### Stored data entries
lemma exchange_step_mem:
  assumes S: "laurent_monomials l1 l2 p \<subseteq> S"
    and y: "y \<noteq> 0" and ya: "y * a = exch l1 l2 p k b" and bz: "b * z = exch l1 l2 p m y"
    and yw: "y * w = exch l1 l2 p k' z" and kk: "k' mod 4 = (k + 2) mod 4"
    and mem: "a \<in> ring_gen S" "b \<in> ring_gen S" "y \<in> ring_gen S" "z \<in> ring_gen S"
  shows "w \<in> ring_gen S"
proof -
  obtain T where T: "T \<in> ring_gen S" "b * z = 1 + y * T"
    using exch_eq_1_plus_mult[OF S mem(3), of m] bz by auto
  from kk show ?thesis
  proof (cases rule: exch_opposite[where ?l1.0 = l1 and ?l2.0 = l2 and p = p])
    case (1 i l)
    note q = exch_coeffs[OF S 1(1)]
    show ?thesis
      by (rule exchange_step_Pexch_Pbar[OF q(1,3,4) y _ T(2) _ mem(1,2,4) T(1)])
        (use ya yw 1 in simp_all)
  next
    case (2 i l)
    note q = exch_coeffs[OF S 2(1)]
    show ?thesis
      by (rule exchange_step_Pbar_Pexch[OF q(1,2,3) y _ T(2) _ mem(1,2,4) T(1)])
        (use ya yw 2 in simp_all)
  qed
qed

lemma xseq_exchanges:
  "X (k + 1) * X (k - 1) = exch l1 l2 p k (X k)"
  "X k * X (k + 2) = exch l1 l2 p (k + 1) (X (k + 1))"
  "X (k + 2) * X k = exch l1 l2 p (k + 1) (X (k + 1))"
  "X (k + 1) * X (k + 3) = exch l1 l2 p (k + 2) (X (k + 2))"
proof -
  have shifts: "k + 1 - 1 = k" "k + 1 + 1 = k + 2" "k + 2 - 1 = k + 1" "k + 2 + 1 = k + 3"
    by simp_all
  show "X (k + 1) * X (k - 1) = exch l1 l2 p k (X k)"
    using xseq_exchange[of k] by (simp only: mult.commute)
  show middle: "X k * X (k + 2) = exch l1 l2 p (k + 1) (X (k + 1))"
    using xseq_exchange[of "k + 1"] unfolding shifts .
  then show "X (k + 2) * X k = exch l1 l2 p (k + 1) (X (k + 1))"
    by (simp only: mult.commute)
  show "X (k + 1) * X (k + 3) = exch l1 l2 p (k + 2) (X (k + 2))"
    using xseq_exchange[of "k + 2"] unfolding shifts .
qed

lemma xseq_next_mem: "X (k + 3) \<in> ZP_alg l1 l2 p (xseq_window l1 l2 p x1 x2 k)"
  unfolding ZP_alg_def xseq_window_def
  by (rule exchange_step_mem[where k = k and m = "k + 1" and k' = "k + 2"
        and a = "X (k - 1)" and b = "X k" and y = "X (k + 1)" and z = "X (k + 2)"])
     (auto simp: xseq_nonzero xseq_exchanges intro: ring_gen.base)

lemma xseq_prev_mem: "X (k - 1) \<in> ZP_alg l1 l2 p (xseq_window l1 l2 p x1 x2 (k + 1))"
  unfolding ZP_alg_def xseq_window_def
  by (rule exchange_step_mem[where k = "k + 2" and m = "k + 1" and k' = k
        and a = "X (k + 3)" and b = "X (k + 2)" and y = "X (k + 1)" and z = "X k"])
     (auto simp: xseq_nonzero xseq_exchanges add.assoc intro: ring_gen.base)

lemma ZP_alg_window_shift:
  "ZP_alg l1 l2 p (xseq_window l1 l2 p x1 x2 (k + 1)) = ZP_alg l1 l2 p (xseq_window l1 l2 p x1 x2 k)"
proof
  have "xseq_window l1 l2 p x1 x2 (k + 1) \<subseteq> ZP_alg l1 l2 p (xseq_window l1 l2 p x1 x2 k)"
    using xseq_next_mem[of k]
    by (auto simp: xseq_window_def add.assoc intro: ZP_alg_generator)
  then show "ZP_alg l1 l2 p (xseq_window l1 l2 p x1 x2 (k + 1)) \<subseteq> ZP_alg l1 l2 p (xseq_window l1 l2 p x1 x2 k)"
    by (rule ZP_alg_subset)
  have "xseq_window l1 l2 p x1 x2 k \<subseteq> ZP_alg l1 l2 p (xseq_window l1 l2 p x1 x2 (k + 1))"
    using xseq_prev_mem[of k]
    by (auto simp: xseq_window_def add.assoc intro: ZP_alg_generator)
  then show "ZP_alg l1 l2 p (xseq_window l1 l2 p x1 x2 k) \<subseteq> ZP_alg l1 l2 p (xseq_window l1 l2 p x1 x2 (k + 1))"
    by (rule ZP_alg_subset)
qed

end

lemma shift_invariant_int_const:
  fixes f :: "int \<Rightarrow> 'b"
  assumes "\<And>k. f (k + 1) = f k"
  shows "f j = f 0"
proof (induction j rule: int_induct[where k = 0])
  case (step2 i)
  then show ?case using assms[of "i - 1"] by simp
qed (use assms in simp_all)

theorem theoremA2:
  fixes l1 l2 :: nat and p :: "nat \<Rightarrow> nat \<Rightarrow> 'a::field_char_0" and x1 x2 :: 'a
  assumes "l1 \<ge> 1" and "l2 \<ge> 1"
    and "p 1 0 = 1" and "p 2 0 = 1"
    and "alg_indep_on (var_val p x1 x2) (gen_vars l1 l2)"
  shows "\<forall>k::int. ZP_alg l1 l2 p (range (xseq l1 l2 p x1 x2)) =
           ZP_alg l1 l2 p {xseq l1 l2 p x1 x2 (k - 1), xseq l1 l2 p x1 x2 k,
                           xseq l1 l2 p x1 x2 (k + 1), xseq l1 l2 p x1 x2 (k + 2)}"
proof
  fix k :: int
  let ?x = "xseq l1 l2 p x1 x2" and ?A = "\<lambda>k. ZP_alg l1 l2 p (xseq_window l1 l2 p x1 x2 k)"
  have window_const: "?A j = ?A k" for j
    using shift_invariant_int_const[of ?A, OF ZP_alg_window_shift[OF assms]] by metis
  have "range ?x \<subseteq> ?A k"
  proof
    fix t assume "t \<in> range ?x"
    then obtain j where "t = ?x j" by blast
    then have "t \<in> ?A j" by (auto simp: xseq_window_def intro: ZP_alg_generator)
    with window_const[of j] show "t \<in> ?A k" by simp
  qed
  then have "ZP_alg l1 l2 p (range ?x) \<subseteq> ?A k" by (rule ZP_alg_subset)
  moreover have "?A k \<subseteq> ZP_alg l1 l2 p (range ?x)"
    unfolding xseq_window_def by (rule ZP_alg_mono) auto
  ultimately show "ZP_alg l1 l2 p (range ?x) = ZP_alg l1 l2 p {?x (k - 1), ?x k, ?x (k + 1), ?x (k + 2)}"
    unfolding xseq_window_def by blast
qed

end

### GOAL OF THE EXERCISE
Every piece of the data must be set down exactly. Omit nothing.

### ANSWER TO THE PROBLEM
lemma exchange_step_mem:
  assumes S: "laurent_monomials l1 l2 p \<subseteq> S"
    and y: "y \<noteq> 0" and ya: "y * a = exch l1 l2 p k b" and bz: "b * z = exch l1 l2 p m y"
    and yw: "y * w = exch l1 l2 p k' z" and kk: "k' mod 4 = (k + 2) mod 4"
    and mem: "a \<in> ring_gen S" "b \<in> ring_gen S" "y \<in> ring_gen S" "z \<in> ring_gen S"
  shows "w \<in> ring_gen S"
proof -
  obtain T where T: "T \<in> ring_gen S" "b * z = 1 + y * T"
    using exch_eq_1_plus_mult[OF S mem(3), of m] bz by auto
  from kk show ?thesis
  proof (cases rule: exch_opposite[where ?l1.0 = l1 and ?l2.0 = l2 and p = p])
    case (1 i l)
    note q = exch_coeffs[OF S 1(1)]
    show ?thesis
      by (rule exchange_step_Pexch_Pbar[OF q(1,3,4) y _ T(2) _ mem(1,2,4) T(1)])
        (use ya yw 1 in simp_all)
  next
    case (2 i l)
    note q = exch_coeffs[OF S 2(1)]
    show ?thesis
      by (rule exchange_step_Pbar_Pexch[OF q(1,2,3) y _ T(2) _ mem(1,2,4) T(1)])
        (use ya yw 2 in simp_all)
  qed
qed

lemma xseq_exchanges:
  "X (k + 1) * X (k - 1) = exch l1 l2 p k (X k)"
  "X k * X (k + 2) = exch l1 l2 p (k + 1) (X (k + 1))"
  "X (k + 2) * X k = exch l1 l2 p (k + 1) (X (k + 1))"
  "X (k + 1) * X (k + 3) = exch l1 l2 p (k + 2) (X (k + 2))"
proof -
  have shifts: "k + 1 - 1 = k" "k + 1 + 1 = k + 2" "k + 2 - 1 = k + 1" "k + 2 + 1 = k + 3"
    by simp_all
  show "X (k + 1) * X (k - 1) = exch l1 l2 p k (X k)"
    using xseq_exchange[of k] by (simp only: mult.commute)
  show middle: "X k * X (k + 2) = exch l1 l2 p (k + 1) (X (k + 1))"
    using xseq_exchange[of "k + 1"] unfolding shifts .
  then show "X (k + 2) * X k = exch l1 l2 p (k + 1) (X (k + 1))"
    by (simp only: mult.commute)
  show "X (k + 1) * X (k + 3) = exch l1 l2 p (k + 2) (X (k + 2))"
    using xseq_exchange[of "k + 2"] unfolding shifts .
qed

lemma xseq_next_mem: "X (k + 3) \<in> ZP_alg l1 l2 p (xseq_window l1 l2 p x1 x2 k)"
  unfolding ZP_alg_def xseq_window_def
  by (rule exchange_step_mem[where k = k and m = "k + 1" and k' = "k + 2"
        and a = "X (k - 1)" and b = "X k" and y = "X (k + 1)" and z = "X (k + 2)"])
     (auto simp: xseq_nonzero xseq_exchanges intro: ring_gen.base)

lemma xseq_prev_mem: "X (k - 1) \<in> ZP_alg l1 l2 p (xseq_window l1 l2 p x1 x2 (k + 1))"
  unfolding ZP_alg_def xseq_window_def
  by (rule exchange_step_mem[where k = "k + 2" and m = "k + 1" and k' = k
        and a = "X (k + 3)" and b = "X (k + 2)" and y = "X (k + 1)" and z = "X k"])
     (auto simp: xseq_nonzero xseq_exchanges add.assoc intro: ring_gen.base)

lemma ZP_alg_window_shift:
  "ZP_alg l1 l2 p (xseq_window l1 l2 p x1 x2 (k + 1)) = ZP_alg l1 l2 p (xseq_window l1 l2 p x1 x2 k)"
proof
  have "xseq_window l1 l2 p x1 x2 (k + 1) \<subseteq> ZP_alg l1 l2 p (xseq_window l1 l2 p x1 x2 k)"
    using xseq_next_mem[of k]
    by (auto simp: xseq_window_def add.assoc intro: ZP_alg_generator)
  then show "ZP_alg l1 l2 p (xseq_window l1 l2 p x1 x2 (k + 1)) \<subseteq> ZP_alg l1 l2 p (xseq_window l1 l2 p x1 x2 k)"
    by (rule ZP_alg_subset)
  have "xseq_window l1 l2 p x1 x2 k \<subseteq> ZP_alg l1 l2 p (xseq_window l1 l2 p x1 x2 (k + 1))"
    using xseq_prev_mem[of k]
    by (auto simp: xseq_window_def add.assoc intro: ZP_alg_generator)
  then show "ZP_alg l1 l2 p (xseq_window l1 l2 p x1 x2 k) \<subseteq> ZP_alg l1 l2 p (xseq_window l1 l2 p x1 x2 (k + 1))"
    by (rule ZP_alg_subset)
qed

end

lemma shift_invariant_int_const:
  fixes f :: "int \<Rightarrow> 'b"
  assumes "\<And>k. f (k + 1) = f k"
  shows "f j = f 0"
proof (induction j rule: int_induct[where k = 0])
  case (step2 i)
  then show ?case using assms[of "i - 1"] by simp
qed (use assms in simp_all)

theorem theoremA2:
  fixes l1 l2 :: nat and p :: "nat \<Rightarrow> nat \<Rightarrow> 'a::field_char_0" and x1 x2 :: 'a
  assumes "l1 \<ge> 1" and "l2 \<ge> 1"
    and "p 1 0 = 1" and "p 2 0 = 1"
    and "alg_indep_on (var_val p x1 x2) (gen_vars l1 l2)"
  shows "\<forall>k::int. ZP_alg l1 l2 p (range (xseq l1 l2 p x1 x2)) =
           ZP_alg l1 l2 p {xseq l1 l2 p x1 x2 (k - 1), xseq l1 l2 p x1 x2 k,
                           xseq l1 l2 p x1 x2 (k + 1), xseq l1 l2 p x1 x2 (k + 2)}"
proof
  fix k :: int
  let ?x = "xseq l1 l2 p x1 x2" and ?A = "\<lambda>k. ZP_alg l1 l2 p (xseq_window l1 l2 p x1 x2 k)"
  have window_const: "?A j = ?A k" for j
    using shift_invariant_int_const[of ?A, OF ZP_alg_window_shift[OF assms]] by metis
  have "range ?x \<subseteq> ?A k"
  proof
    fix t assume "t \<in> range ?x"
    then obtain j where "t = ?x j" by blast
    then have "t \<in> ?A j" by (auto simp: xseq_window_def intro: ZP_alg_generator)
    with window_const[of j] show "t \<in> ?A k" by simp
  qed
  then have "ZP_alg l1 l2 p (range ?x) \<subseteq> ?A k" by (rule ZP_alg_subset)
  moreover have "?A k \<subseteq> ZP_alg l1 l2 p (range ?x)"
    unfolding xseq_window_def by (rule ZP_alg_mono) auto
  ultimately show "ZP_alg l1 l2 p (range ?x) = ZP_alg l1 l2 p {?x (k - 1), ?x k, ?x (k + 1), ?x (k + 2)}"
    unfolding xseq_window_def by blast
qed

end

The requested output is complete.